▶ [Task details]:
Your task is to copy the stretch of lines in the records below that begins with the line containing "using anchor_measurable by" and ends with the line containing "using assms by", exactly as written, with nothing added.

[Records excerpted from a collection]

lemma nonempty_event: "{Z \<in> space P. Z \<noteq> {}} \<in> events"
proof -
  have "{Z \<in> space P. Z \<noteq> {}} = space (Cmeas u) - {Z \<in> space (Cmeas u). Z = {}}"
    by (auto simp: space_P space_Cmeas)
  then show ?thesis
    using sets.compl_sets[OF empty_in_sets_Cmeas[of u]] by (simp add: sets_eq_Cmeas)
qed

lemma anchor_measurable: "anchor \<in> borel_measurable P"
  by (simp add: measurable_P borel_measurable_anchor)

lemma measure_cond_nonempty_anchor:
  assumes "B \<in> sets borel"
  shows "measure (cond P {Z \<in> space P. Z \<noteq> {}}) {Z \<in> space P. anchor Z \<in> B}
    = measure lborel ({0<..<u} \<inter> B) / u"
proof -
  let ?Q = "cond P {Z \<in> space P. Z \<noteq> {}}"
  have "anchor \<in> measurable ?Q lborel"
    using anchor_measurable by (simp add: cond_def)
  then have "measure ?Q {Z \<in> space P. anchor Z \<in> B} = measure (distr ?Q lborel anchor) B"
    using assms by (simp add: measure_distr cond_def vimage_def Int_def conj_commute)
  also have "\<dots> = measure lborel ({0<..<u} \<inter> B) / measure lborel {0<..<u}"
    using u_pos assms by (simp add: anchor_uniform)
  finally show ?thesis
    using u_pos by simp
qed

lemma anchor_event: "B \<in> sets borel \<Longrightarrow> {Z \<in> space P. anchor Z \<in> B} \<in> events"
  using measurable_sets[OF anchor_measurable] by (simp add: vimage_def Int_def conj_commute)

lemma prob_nonempty_pos: "0 < prob {Z \<in> space P. Z \<noteq> {}}"
proof (rule ccontr)
  assume "\<not> 0 < prob {Z \<in> space P. Z \<noteq> {}}"
  then have "prob {Z \<in> space P. Z \<noteq> {}} = 0"
    using measure_nonneg[of P "{Z \<in> space P. Z \<noteq> {}}"] by linarith
  then have "measure (cond P {Z \<in> space P. Z \<noteq> {}}) {Z \<in> space P. anchor Z \<in> UNIV} = 0"
    using nonempty_event anchor_event[of UNIV] by (simp add: measure_cond)
  with measure_cond_nonempty_anchor[of UNIV] u_pos show False
    by simp
qed
(* Fix $q\in[0,1]$, $p\in(0,1)\setminus\{1/2\}$, an integer $k\geq1$ and $f:[0,1]\to[0,1]$, and let $\{S_n\}$ be the elephant random walk with $k$ extractions with replacement described in the context. Suppose one of the following holds: (C1) $p>1/2$, $f(1)<p/(2p-1)$, and $f(i/k)\leq f((i-1)/k)$ for each $i\in\{1,\dots,k\}$, with strict inequality for at least one $i$; (C2) $p<1/2$, $f(0)<(1-p)/(1-2p)$, and $f(i/k)\geq f((i-1)/k)$ for each $i\in\{1,\dots,k\}$, with strict inequality for at least one $i$. Then $S_n/n$ converges almost surely to some $x^*\in(-1,1)$.
   Context: The model: set $X_0=S_0=0$ and let $X_1\in\{\pm1\}$ with $P(X_1=1)=q$. Let $\mathcal{F}_n$ be the $\sigma$-field of all information of the process up to time $n$. For each $n\geq1$, draw $U_{n,1},\dots,U_{n,k}$ i.i.d. uniform on $\{1,\dots,n\}$ (independently of the past), set $C_n^+=\sum_{i=1}^k\chi\{X_{U_{n,i}}=1\}$, and, conditionally on $\mathcal{F}_n$ and the $U_{n,i}$, let $X_{n+1}=1$ with probability $pf(C_n^+/k)+(1-p)\{1-f(C_n^+/k)\}$ and $X_{n+1}=-1$ otherwise. Set $S_n=\sum_{i=1}^n X_i$. The sample size $k$ does not depend on $n$. *)

theory Defs
  imports "HOL-Probability.Probability"
begin

text \<open>Indices of the independent driving noise of the elephant random walk:
  the first step, the samples U_{n,i}, and the auxiliary uniform coins V_n.\<close>
datatype erw_idx = First | Samp nat nat | Coin nat

definition erw_index_set :: "nat \<Rightarrow> erw_idx set" where
  "erw_index_set k = {First} \<union> {Samp n i | n i. 1 \<le> n \<and> i \<in> {1..k}} \<union> {Coin n | n. 1 \<le> n}"

definition erw_noise ::
  "('a \<Rightarrow> int) \<Rightarrow> (nat \<Rightarrow> nat \<Rightarrow> 'a \<Rightarrow> nat) \<Rightarrow> (nat \<Rightarrow> 'a \<Rightarrow> real) \<Rightarrow> erw_idx \<Rightarrow> 'a \<Rightarrow> real" where
  "erw_noise X1 U V j = (case j of
      First \<Rightarrow> (\<lambda>\<omega>. real_of_int (X1 \<omega>))
    | Samp n i \<Rightarrow> (\<lambda>\<omega>. real (U n i \<omega>))
    | Coin n \<Rightarrow> V n)"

▶ [Result of the exercise]:
    using anchor_measurable by (simp add: cond_def)
  then have "measure ?Q {Z \<in> space P. anchor Z \<in> B} = measure (distr ?Q lborel anchor) B"
    using assms by (simp add: measure_distr cond_def vimage_def Int_def conj_commute)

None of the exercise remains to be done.